I was brought up to believe
The universe has a plan
We are only human
It’s not ours to understand
“BU2B” (Clockwork Angels, 2012)
The Daydreamer
As a teenager discovering Rush, there was definitely an initial phase in which I was there for the heaviness and progressiveness of the music, and the science fiction. I think the young Neil Peart who found escape in Tolkien, mythology, and speculative fiction, began to address head-on the desire to pass beyond one’s borders. In the 80s, Peart often considers the need to outgrow the definitions that life has imposed upon the individual. And it was meditating on this theme in his work that kept me coming back to Rush and their ’80s output again and again. 1981-87 Rush became the sound track of my adolescence, and therefore forever imprinted upon the wiring of my brain, with all of its reforming and whatnot as a teenager.
In “Subdivisions” in 1982, Peart writes that the suburbs, like the one in which he grew up, “have no charms to soothe the restless dreams of youth.” The next track on the Signals album, “The Analog Kid” also looks at youth and the need to grow, change, and move, even though the future may be uncertain.
When I leave
I don’t know what I’m hoping to find
And if I leave
I don’t know what I’m leaving behind
Signals (1982)
The need to escape the suburbs merges with the need for the new and unexplored in general–a new scene, a new inspiration. “Middletown Dreams” from Power Windows (1985), depicts the desperate longing for more while still exalting in the ability people have to create, build, dream, and do:
Dreams flow across the heartland
Feeding on the fires
Dreams transport desires
Drive you when you’re down
Dreams transport the ones
Who need to get out of town
“Middletown Dreams” (Power Windows, 1985)
It’s hard to summarize someone’s life, let alone their work. As I’ve considered Peart’s work and what I know about his own life, though, if forced to characterize his artistic output with one word, I would say: hope.
It’s important to note that hope does not always look like contentment or even optimism. Hope is something deeper.
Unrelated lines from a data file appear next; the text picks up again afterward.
(* Assume the setting and hypotheses below, including $L>1$, and suppose $D_M(t)=kD(t)$ with $k>0$ and $D$ a positive continuous $T$-periodic function. Let $c^*(k)=\inf_{\mu>0}\frac1\mu\ln\int_{\mathbb{R}}e^{\mu y}\mathcal{K}(y)dy$ be the spreading speed with this $D_M$. Then $$\lim_{k\to+\infty}\frac{c^*(k)}{\sqrt k}=\inf_{\mu>0}H(\mu,+\infty)\in(0,+\infty),$$ where $$H(\mu,+\infty)=\frac1\mu\ln\Big(e^{\mu^2\int_0^TD(s)ds-\int_0^Td_M(s)ds}+\int_{t_\alpha}^{t_\beta}\partial_\varphi R(s,0)\,e^{-\left(\int_0^{s-\tau(s)}+\int_s^T\right)d_M(\omega)d\omega}\,e^{\mu^2\left(\int_0^{s-\tau(s)}+\int_s^T\right)D(\omega)d\omega}ds\Big).$$
   Context: Setting. $T>0$; $D_I\ge0$, $d_M,d_I>0$, $\tau>0$, $p\ge0$ are $C^1$ $T$-periodic functions; $h\in C^1([0,\infty);[0,\infty))$; $0<\alpha\le\beta<t_\alpha\le t_\beta<T$ with $t_\alpha-\tau(t_\alpha)=\alpha$, $t_\beta-\tau(t_\beta)=\beta$, $p=0$ on $[0,\alpha]\cup[\beta,T]$; $\tau'<1$; $h(0)=0$, $h(z)\to0$ as $z\to\infty$, $h$ unimodal (increasing then decreasing); $h(\lambda z)\ge\lambda h(z)$ for $\lambda\in(0,1)$. Notation: $\partial_\varphi R(s,0)=(1-\tau'(s))e^{-\int_{s-\tau(s)}^sd_I}p(s-\tau(s))h'(0)$, $\sigma(s)=\int_{s-\tau(s)}^sD_I$, $\overline{k}_M(t,s)=e^{-\int_s^td_M}$, $L=\frac{\overline{k}_M(T,0)}{1-\overline{k}_M(T,0)}\int_{t_\alpha}^{t_\beta}\frac{\partial_\varphi R(s,0)}{\overline{k}_M(s,s-\tau(s))}ds$. The quantity $\int e^{\mu y}\mathcal{K}(y)dy$ equals $e^{\int_0^T[\mu^2D_M-d_M]}+\int_{t_\alpha}^{t_\beta}\partial_\varphi R(s,0)e^{(\int_s^T+\int_0^{s-\tau(s)})[\mu^2D_M(\varsigma)-d_M(\varsigma)]d\varsigma+\mu^2\sigma(s)}ds$. *)

theory Defs
  imports "HOL-Analysis.Analysis"
begin
lemma DCCC_dense_star_refinement:
  assumes "DCCC X" and cover: "open_cover X \<U>"
  obtains \<W> where "countable \<W>" and "\<forall>W\<in>\<W>. openin X W \<and> W \<noteq> {} \<and> (\<exists>U\<in>\<U>. W \<subseteq> U)"
    and "X closure_of stk 1 (\<Union>\<W>) \<U> = topspace X"
proof -
  define S where "S = {G. openin X G \<and> G \<noteq> {} \<and> (\<exists>U\<in>\<U>. G \<subseteq> U)}"
  obtain \<W> where \<W>: "\<W> \<subseteq> S" "pairwise (star_separated \<U>) \<W>"
    and maximal: "\<forall>G\<in>S. pairwise (star_separated \<U>) (insert G \<W>) \<longrightarrow> G \<in> \<W>"
    using exists_maximal_pairwise_subset[of S "star_separated \<U>"] by (elim exE conjE)
  have "countable \<W>"
    using assms(1) \<W>(1) pairwise_star_separated_imp_discrete_family[OF cover \<W>(2)]
    unfolding DCCC_def S_def by blast
  moreover have "\<exists>W\<in>\<W>. \<not> star_separated \<U> G W" if "G \<in> S" for G
  proof (cases "G \<in> \<W>")
    case True
    obtain U where "U \<in> \<U>" "G \<subseteq> U" "G \<noteq> {}"
      using \<open>G \<in> S\<close> unfolding S_def by blast
    then have "\<not> star_separated \<U> G G"
      unfolding star_separated_def by blast
    then show ?thesis
      using True by blast
  next
    case False
    then have "\<not> pairwise (star_separated \<U>) (insert G \<W>)"
      using maximal \<open>G \<in> S\<close> by blast
    then obtain W where "W \<in> \<W>" "\<not> star_separated \<U> G W \<or> \<not> star_separated \<U> W G"
      using \<W>(2) by (auto simp: pairwise_insert)
    then show ?thesis
      unfolding star_separated_def by blast
  qed
  then have "X closure_of stk 1 (\<Union>\<W>) \<U> = topspace X"
    by (intro stk_dense_if_not_star_separated[OF cover]) (auto simp: S_def)
  ultimately show ?thesis
    using that \<W>(1) unfolding S_def by blast
qed
(* Let $\mu$ be a finite Borel measure on $(-\pi,\pi)$ and $\mu^\#$ its symmetrization. Then $u_\mu^\star(t)\le u_{\mu^\#}^\star(t)$ for all $t\in[0,2\pi]$.
   Context: A "Borel measure on $(-\pi,\pi)$" means a positive, non-zero measure on the Borel sets of $(-\pi,\pi)$; $\lambda$ is Lebesgue measure. $G(x,y)=-\frac{xy}{2\pi}-\frac12|x-y|+\frac{\pi}{2}$ on $[-\pi,\pi]^2$, $u_\mu(x)=\int G(x,y)\,d\mu(y)$. Write $\mu=\nu+\sigma+\delta$ (unique decomposition) with $d\nu=f\,d\lambda$, $0\le f\in L^1[-\pi,\pi]$, $\sigma\perp\lambda$ atomless, $\delta$ purely discontinuous. $f^\#(t)=f^*(2|t|)$ where $f^*(t)=\inf\{s:\lambda(\{f>s\})\le t\}$ for $t\in(0,2\pi)$ (with $f^*(0)=\operatorname{ess\,sup}f$, $f^*(2\pi)=\operatorname{ess\,inf}f$). Symmetrization: $d\mu^\#=f^\#\,d\lambda+M\,d\delta_0$ with $M=\sigma((-\pi,\pi))+\delta((-\pi,\pi))$. Star function: $g^\star(t)=\sup\{\int_E g\,d\lambda:E\subset[-\pi,\pi]\text{ Borel},\lambda(E)=t\}$, $t\in[0,2\pi]$. *)

theory Defs
  imports "HOL-Analysis.Analysis" "HOL-Probability.Essential_Supremum"
begin

definition G :: "real \<Rightarrow> real \<Rightarrow> real" where
  "G x y = - (x * y) / (2 * pi) - \<bar>x - y\<bar> / 2 + pi / 2"

definition u_pot :: "real measure \<Rightarrow> real \<Rightarrow> real" where
  "u_pot \<mu> x = (\<integral>y. G x y \<partial>\<mu>)"

definition star_fun :: "(real \<Rightarrow> real) \<Rightarrow> real \<Rightarrow> real" where
  "star_fun g t = Sup {(LINT x:E|lborel. g x) | E. E \<in> sets borel \<and> E \<subseteq> {-pi..pi} \<and> measure lborel E = t}"
lemma local_max_and_gradient_on_cball:
  fixes psi0 :: "real \<Rightarrow> real \<Rightarrow> real" and Psi Dt Dx :: "real \<times> real \<Rightarrow> real"
  assumes t0: "0 < t0" "t0 < T"
    and locmax: "\<exists>r>0. \<forall>t x. (t, x) \<in> ball (t0, x0) r \<and> 0 \<le> t \<and> t \<le> T \<longrightarrow>
        psi0 t x - Psi (t, x) \<le> psi0 t0 x0 - Psi (t0, x0)"
    and deriv: "\<And>p. p \<in> {0<..} \<times> UNIV \<Longrightarrow>
        (Psi has_derivative (\<lambda>h. Dt p * fst h + Dx p * snd h)) (at p)"
    and cont: "isCont Dt (t0, x0)" "isCont Dx (t0, x0)"
    and "0 < c"
  obtains rho where "0 < rho"
    and "\<And>p. p \<in> cball (t0, x0) rho \<Longrightarrow> t0 / 2 \<le> fst p \<and> fst p \<le> T"
    and "\<And>p. p \<in> cball (t0, x0) rho \<Longrightarrow> psi0 (fst p) (snd p) - Psi p \<le> psi0 t0 x0 - Psi (t0, x0)"
    and "\<And>p. p \<in> cball (t0, x0) rho \<Longrightarrow> (Psi has_derivative (\<lambda>h. Dt p * fst h + Dx p * snd h)) (at p)"
    and "\<And>p. p \<in> cball (t0, x0) rho \<Longrightarrow>
      \<bar>Dt p - Dt (t0, x0)\<bar> \<le> c \<and> \<bar>Dx p - Dx (t0, x0)\<bar> \<le> c"
proof -
  obtain r where "0 < r" and r: "\<And>t x. (t, x) \<in> ball (t0, x0) r \<Longrightarrow> 0 \<le> t \<Longrightarrow> t \<le> T \<Longrightarrow>
      psi0 t x - Psi (t, x) \<le> psi0 t0 x0 - Psi (t0, x0)"
    using locmax by blast
  obtain rt where "0 < rt" and rt: "\<And>p. dist p (t0, x0) < rt \<Longrightarrow> \<bar>Dt p - Dt (t0, x0)\<bar> < c"
    using cont(1) \<open>0 < c\<close> unfolding continuous_at_eps_delta dist_real_def by blast
  obtain rx where "0 < rx" and rx: "\<And>p. dist p (t0, x0) < rx \<Longrightarrow> \<bar>Dx p - Dx (t0, x0)\<bar> < c"
    using cont(2) \<open>0 < c\<close> unfolding continuous_at_eps_delta dist_real_def by blast
  define rho where "rho = min (min (r/2) (min (t0/2) (T - t0))) (min (rt/2) (rx/2))"
  have rho: "0 < rho" "rho < r" "rho \<le> t0/2" "rho \<le> T - t0" "rho < rt" "rho < rx"
    using \<open>0 < r\<close> \<open>0 < rt\<close> \<open>0 < rx\<close> t0 by (auto simp: rho_def min_def)
  have fst_bounds: "t0 / 2 \<le> fst p \<and> fst p \<le> T" if "p \<in> cball (t0, x0) rho" for p
    using that dist_fst_le[of p "(t0, x0)"] rho by (auto simp: dist_real_def dist_commute)
  show ?thesis
  proof (rule that[OF \<open>0 < rho\<close> fst_bounds])
    fix p assume p: "p \<in> cball (t0, x0) rho"
    show "psi0 (fst p) (snd p) - Psi p \<le> psi0 t0 x0 - Psi (t0, x0)"
      using r[of "fst p" "snd p"] fst_bounds[OF p] p rho t0 by (auto simp: dist_commute)
    show "(Psi has_derivative (\<lambda>h. Dt p * fst h + Dx p * snd h)) (at p)"
      using deriv[of p] fst_bounds[OF p] t0 by (cases p) auto
    show "\<bar>Dt p - Dt (t0, x0)\<bar> \<le> c \<and> \<bar>Dx p - Dx (t0, x0)\<bar> \<le> c"
      using rt[of p] rx[of p] p rho by (auto simp: dist_commute)
  qed
qed

text \<open>The smallness conditions bound the three error terms at \<open>pn\<close>: the deviation of the gradient
  of \<open>Psi\<close> from \<open>(pt, px)\<close> costs \<open>eps * del / 4\<close>, the change of the penalty \<open>(dist p p0)\<^sup>2\<close>
  costs \<open>eps * del / 2\<close>, and the maximality gap is \<open>eps * del / 4\<close>.\<close>

lemma difference_quotient_ge_at_penalized_maximizer:
  fixes u v Psi Dt Dx :: "real \<times> real \<Rightarrow> real" and p0 :: "real \<times> real" and rho :: real
  defines "B \<equiv> cball p0 rho"
  assumes pos: "0 < eps" "0 < dT" "0 < K"
    and small: "dT \<le> rho / 4" "eps * K \<le> rho / 4" "K * dT \<le> del / 16" "eps * K\<^sup>2 \<le> del / 16"
      "eps * del \<le> dT\<^sup>2"
    and close: "\<And>p. p \<in> B \<Longrightarrow> \<bar>u p - v p\<bar> < dT\<^sup>2 / 4"
    and max: "\<And>p. p \<in> B \<Longrightarrow> v p - Psi p \<le> v p0 - Psi p0"
    and deriv: "\<And>p. p \<in> B \<Longrightarrow> (Psi has_derivative (\<lambda>h. Dt p * fst h + Dx p * snd h)) (at p)"
    and near: "\<And>p. p \<in> B \<Longrightarrow> \<bar>Dt p - pt\<bar> \<le> del / (8 * K) \<and> \<bar>Dx p - px\<bar> \<le> del / (8 * K)"
  obtains pn where "pn \<in> B"
    and "\<And>a z. \<bar>a\<bar> \<le> K \<Longrightarrow> \<bar>z\<bar> \<le> K \<Longrightarrow> pn - eps *\<^sub>R (a, z) \<in> B
           \<and> eps * (a * pt + z * px - del) \<le> u pn - u (pn - eps *\<^sub>R (a, z))"
proof -
  have "p0 \<in> B"
    using pos small by (simp add: B_def)
  have "0 < del"
    using mult_pos_pos[OF pos(3,2)] small(3) by linarith
  obtain pn where "pn \<in> B"
    and pn_max: "\<And>p. p \<in> B \<Longrightarrow> u p - Psi p - (dist p p0)\<^sup>2
        < u pn - Psi pn - (dist pn p0)\<^sup>2 + eps * del / 4"
    and pn_near: "(dist pn p0)\<^sup>2 < 2 * (dT\<^sup>2 / 4) + eps * del / 4"
    by (rule approximate_maximizer_of_perturbation[where u = u and v = v and g = Psi
          and q = "\<lambda>p. (dist p p0)\<^sup>2" and e = "dT\<^sup>2 / 4" and gamma = "eps * del / 4"])
      (use \<open>p0 \<in> B\<close> \<open>0 < del\<close> pos close max in auto)
  have "(dist pn p0)\<^sup>2 < dT\<^sup>2"
    using pn_near small(5) zero_less_power[OF pos(2), of 2] by linarith
  then have "dist pn p0 < dT"
    using pos(2) by (simp add: power_less_imp_less_base)
  have "pn - eps *\<^sub>R (a, z) \<in> B \<and> eps * (a * pt + z * px - del) \<le> u pn - u (pn - eps *\<^sub>R (a, z))"
    if az: "\<bar>a\<bar> \<le> K" "\<bar>z\<bar> \<le> K" for a z
  proof -
    define w where "w = (a, z)"
    have "norm w \<le> 2 * K"
      using norm_Pair_le[of a z] az by (simp add: w_def)
    have line_in_B: "pn - s *\<^sub>R w \<in> B" if "0 \<le> s" "s \<le> eps" for s
    proof -
      have "dist (pn - s *\<^sub>R w) p0 \<le> dist pn p0 + s * norm w"
        using norm_triangle_ineq4[of "pn - p0" "s *\<^sub>R w"] that by (simp add: dist_norm algebra_simps)
      also have "\<dots> \<le> dT + eps * (2 * K)"
        using that \<open>dist pn p0 < dT\<close> \<open>norm w \<le> 2 * K\<close> pos by (intro add_mono mult_mono) auto
      also have "\<dots> \<le> rho"
        using small(1,2) pos by (simp add: mult.left_commute[of eps])
      finally show ?thesis
        by (simp add: B_def dist_commute)
    qed
    define s where "s = pn - eps *\<^sub>R w"
    have "s \<in> B"
      using line_in_B[of eps] pos by (simp add: s_def)
    have incr: "eps * (a * pt + z * px - del / (8 * K) * (\<bar>a\<bar> + \<bar>z\<bar>)) \<le> Psi pn - Psi s"
      unfolding s_def w_def using pos(1) line_in_B[unfolded w_def] deriv near
      by (rule increment_ge_of_gradient_near)
    have "del / (8 * K) * (\<bar>a\<bar> + \<bar>z\<bar>) \<le> del / (8 * K) * (2 * K)"
      using az pos \<open>0 < del\<close> by (intro mult_left_mono) auto
    also have "\<dots> = del / 4"
      using pos by simp
    finally have "eps * (a * pt + z * px - del / 4)
        \<le> eps * (a * pt + z * px - del / (8 * K) * (\<bar>a\<bar> + \<bar>z\<bar>))"
      using pos(1) by (intro mult_left_mono) auto
    with incr have Psi_incr: "eps * (a * pt + z * px - del / 4) \<le> Psi pn - Psi s"
      by linarith
    have "2 * norm (pn - p0) * norm w + eps * (norm w)\<^sup>2 \<le> del / 2"
    proof -
      have "norm (pn - p0) * norm w \<le> dT * (2 * K)"
        using \<open>dist pn p0 < dT\<close> \<open>norm w \<le> 2 * K\<close> pos by (intro mult_mono) (auto simp: dist_norm)
      moreover have "(norm w)\<^sup>2 \<le> (2 * K)\<^sup>2"
        using \<open>norm w \<le> 2 * K\<close> by (intro power_mono) auto
      then have "eps * (norm w)\<^sup>2 \<le> eps * (2 * K)\<^sup>2"
        using pos by (intro mult_left_mono) auto
      ultimately show ?thesis
        using small(3,4) by (simp add: power2_eq_square algebra_simps)
    qed
    then have "- eps * (del / 2) \<le> - eps * (2 * norm (pn - p0) * norm w + eps * (norm w)\<^sup>2)"
      using pos by simp
    also have "\<dots> \<le> (dist pn p0)\<^sup>2 - (dist s p0)\<^sup>2"
      using norm_sq_decrement_ge[of eps "pn - p0" w] pos
      by (simp add: s_def dist_norm algebra_simps)
    finally have "- eps * (del / 2) \<le> (dist pn p0)\<^sup>2 - (dist s p0)\<^sup>2" .
    with pn_max[OF \<open>s \<in> B\<close>] Psi_incr \<open>s \<in> B\<close> show ?thesis
      by (simp add: s_def w_def algebra_simps)
  qed
  with \<open>pn \<in> B\<close> that show ?thesis
    by blast
qed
Hope is that deeply human drive that keeps one moving forward. The mid-’90s looked like the end of Rush, on hiatus, after Peart lost his wife and daughter in separate, tragic circumstances. Somehow, on a lonely road yet supported by friends, Neil emerged in his own triumph of everyday glory. This is what his life and work have meant to me and so many others.
Pack up all those phantoms
Shoulder that invisible load…
Shadows on the road behind
Shadows on the road ahead
Nothing can stop you now
“Ghost Rider” (Vapor Trails, 2002)
One reply on “Everyday Person: Neil Peart and His Work”
I appreciate learning what Neil Peart meant to you. Dave and I have listened to some songs, trying to see what you see. Although we haven’t developed an appreciation for the music, yet, to quote Neil Peart, my heart goes out to you. ❤️ I do appreciate his poetic lyrics, like “Different eyes see different things… Different hearts beat on different strings” That’s true. Thanks for sharing your heart with us.